Microsoft’s out‑of‑band release today fixes a targeted, high‑impact regression while reminding organizations that legacy compatibility, hotpatch coordination, and firmware/certificate planning are not solved problems — they are operational obligations. For administrators and power users, the appropriate posture is pragmatic: test, stage, harden network boundaries, coordinate with vendors, and move devices off legacy protocols (SMBv1, EVR where feasible) to reduce both disruption and long‑term risk.

---

Source: Microsoft Support September 22, 2025—KB5068221 (OS Build 26100.6588) Out-of-band - Microsoft Support

 

[ChatGPT]

Microsoft released an out‑of‑band cumulative update on September 22, 2025 — KB5068221 (OS Build 26100.6588) — for Windows 11, version 24H2, delivering a targeted set of quality and security fixes (including items from the September 9, 2025 security rollup) while also documenting a persistent connectivity caveat for environments still using the deprecated SMBv1 protocol over NetBIOS over TCP/IP (NetBT).

Background​

Windows 11 servicing in 2025 continues to ship updates across two servicing families (the 24H2 family reporting build numbers in the 26100 series and the newer 25H2 family in the 26200 series).

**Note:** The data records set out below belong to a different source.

(* Let $\eta^{(\varepsilon)}_n$, $\varepsilon\in(0,1]$, be Markov chains on $\mathbb{X}=\{1,\dots,N\}$ with transition probabilities $p_{ij}(\varepsilon)$ satisfying conditions A and D of the context for some $\varepsilon_0\in(0,1]$ and transition sets $\mathbb{Y}_i$. Fix $r\in\mathbb{X}$ and let $_r\eta^{(\varepsilon)}_n$ be the reduced Markov chain on $_r\mathbb{X}=\mathbb{X}\setminus\{r\}$, with transition probabilities $_rp_{ij}(\varepsilon)$, $i,j\in{}_r\mathbb{X}$. Then conditions A and D hold for the chains $_r\eta^{(\varepsilon)}_n$ with the same $\varepsilon_0$ and with transition sets $_r\mathbb{Y}_i=\mathbb{Y}^-_{ir}\cup\mathbb{Y}^+_{ir}$, $i\in{}_r\mathbb{X}$; in particular, for every $j\in{}_r\mathbb{Y}_i$, $i\in{}_r\mathbb{X}$, $_rp_{ij}(\varepsilon)$ admits a pivotal $(_rl^-_{ij},{}_rl^+_{ij})$-expansion $_rp_{ij}(\varepsilon)=\sum_{l={}_rl^-_{ij}}^{_rl^+_{ij}}{}_ra_{ij}[l]\varepsilon^l+{}_ro_{ij}(\varepsilon^{_rl^+_{ij}})$, $\varepsilon\in(0,\varepsilon_0]$, with $0\le{}_rl^-_{ij}\le{}_rl^+_{ij}$ and $_ra_{ij}[_rl^-_{ij}]>0$.
   Context: A $(h,k)$-expansion of a function $A$ on $(0,\varepsilon_0]$ is a representation $A(\varepsilon)=\sum_{l=h}^k a_l\varepsilon^l+o_A(\varepsilon^k)$ with integers $h\le k$, real $a_l$, and $o_A(\varepsilon^k)/\varepsilon^k\to0$ as $\varepsilon\to0$; pivotal means $a_h\ne0$. For $\varepsilon\in(0,1]$, $\eta^{(\varepsilon)}_n$ is a homogeneous Markov chain on $\mathbb{X}=\{1,\dots,N\}$ with stochastic transition matrix $\|p_{ij}(\varepsilon)\|$. Condition A: there exist $\mathbb{Y}_i\subseteq\mathbb{X}$, $i\in\mathbb{X}$, and $\varepsilon_0\in(0,1]$ such that for $\varepsilon\in(0,\varepsilon_0]$: (a) $p_{ij}(\varepsilon)>0$ for $j\in\mathbb{Y}_i$; (b) $p_{ij}(\varepsilon)=0$ for $j\notin\mathbb{Y}_i$; (c) for every $i,j\in\mathbb{X}$ there exist $n\ge1$ and $i=l_0,\dots,l_n=j$ with $l_{k+1}\in\mathbb{Y}_{l_k}$. Condition D: for $j\in\mathbb{Y}_i$, $i\in\mathbb{X}$: $p_{ij}(\varepsilon)=\sum_{l=l^-_{ij}}^{l^+_{ij}}a_{ij}[l]\varepsilon^l+o_{ij}(\varepsilon^{l^+_{ij}})$, $\varepsilon\in(0,\varepsilon_0]$, with integers $0\le l^-_{ij}\le l^+_{ij}<\infty$, $a_{ij}[l^-_{ij}]>0$ and $o_{ij}(\varepsilon^{l^+_{ij}})/\varepsilon^{l^+_{ij}}\to0$. Reduced chain: $_r\xi_0=0$, $_r\xi_n=\min\{k>{}_r\xi_{n-1}:\eta^{(\varepsilon)}_k\ne r\}$, $_r\eta^{(\varepsilon)}_n=\eta^{(\varepsilon)}_{_r\xi_n}$ (started from a state in $_r\mathbb{X}$); its transition probabilities are $_rp_{ij}(\varepsilon)=p_{ij}(\varepsilon)+p_{ir}(\varepsilon)\frac{p_{rj}(\varepsilon)}{1-p_{rr}(\varepsilon)}$, $i,j\in{}_r\mathbb{X}$. Sets: $\mathbb{Y}^-_{ir}=\{j\in{}_r\mathbb{X}:j\in\mathbb{Y}_r\}$ if $r\in\mathbb{Y}_i$ and $\mathbb{Y}^-_{ir}=\emptyset$ if $r\notin\mathbb{Y}_i$; $\mathbb{Y}^+_{ir}=\{j\in{}_r\mathbb{X}:j\in\mathbb{Y}_i\}$. *)

theory Defs
  imports Complex_Main
begin

text \<open>Transition probabilities are modelled as p :: real => nat => nat => real,
  p eps i j being p_ij(eps). State spaces are finite sets of naturals.\<close>

definition stochastic :: "nat set \<Rightarrow> (real \<Rightarrow> nat \<Rightarrow> nat \<Rightarrow> real) \<Rightarrow> bool" where
  "stochastic X p \<longleftrightarrow>
     (\<forall>\<epsilon>\<in>{0<..1}. \<forall>i\<in>X. (\<forall>j\<in>X. 0 \<le> p \<epsilon> i j) \<and> (\<Sum>j\<in>X. p \<epsilon> i j) = 1)"

definition condA :: "nat set \<Rightarrow> (nat \<Rightarrow> nat set) \<Rightarrow> real \<Rightarrow> (real \<Rightarrow> nat \<Rightarrow> nat \<Rightarrow> real) \<Rightarrow> bool" where
  "condA X Y \<epsilon>0 p \<longleftrightarrow>
     0 < \<epsilon>0 \<and> \<epsilon>0 \<le> 1 \<and> (\<forall>i\<in>X. Y i \<subseteq> X) \<and>
     (\<forall>\<epsilon>\<in>{0<..\<epsilon>0}. \<forall>i\<in>X. \<forall>j\<in>X.
         (j \<in> Y i \<longrightarrow> p \<epsilon> i j > 0) \<and> (j \<notin> Y i \<longrightarrow> p \<epsilon> i j = 0)) \<and>
     (\<forall>i\<in>X. \<forall>j\<in>X. \<exists>n::nat. \<exists>l::nat \<Rightarrow> nat.
         n \<ge> 1 \<and> l 0 = i \<and> l n = j \<and> (\<forall>k<n. l (Suc k) \<in> Y (l k)))"

definition condD :: "nat set \<Rightarrow> (nat \<Rightarrow> nat set) \<Rightarrow> real \<Rightarrow> (real \<Rightarrow> nat \<Rightarrow> nat \<Rightarrow> real) \<Rightarrow> bool" where
  "condD X Y \<epsilon>0 p \<longleftrightarrow>
     (\<forall>i\<in>X. \<forall>j\<in>Y i. \<exists>(lm::nat) (lp::nat) (a::nat \<Rightarrow> real) (rem::real \<Rightarrow> real).
        lm \<le> lp \<and> a lm > 0 \<and>
        (\<forall>\<epsilon>\<in>{0<..\<epsilon>0}. p \<epsilon> i j = (\<Sum>l=lm..lp. a l * \<epsilon> ^ l) + rem \<epsilon>) \<and>
        ((\<lambda>\<epsilon>. rem \<epsilon> / \<epsilon> ^ lp) \<longlongrightarrow> 0) (at_right 0))"

definition red_p :: "(real \<Rightarrow> nat \<Rightarrow> nat \<Rightarrow> real) \<Rightarrow> nat \<Rightarrow> real \<Rightarrow> nat \<Rightarrow> nat \<Rightarrow> real" where
  "red_p p r \<epsilon> i j = p \<epsilon> i j + p \<epsilon> i r * (p \<epsilon> r j / (1 - p \<epsilon> r r))"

Administrators should treat each reported build revision (for example, 26100.6584 or 26100.6588) as the concrete identifier used for inventory and validation. Microsoft bundles the latest Servicing Stack Update (SSU) with the latest Cumulative Update (LCU) to ensure reliable servicing.
This OOB package is cumulative and includes the changes shipped in the September 9, 2025 security update (KB5065426), then layers an additional set of fixes and AI component updates on top. The Microsoft Support page for KB5068221 explicitly enumerates the fixes and the SSU pairing used in this release.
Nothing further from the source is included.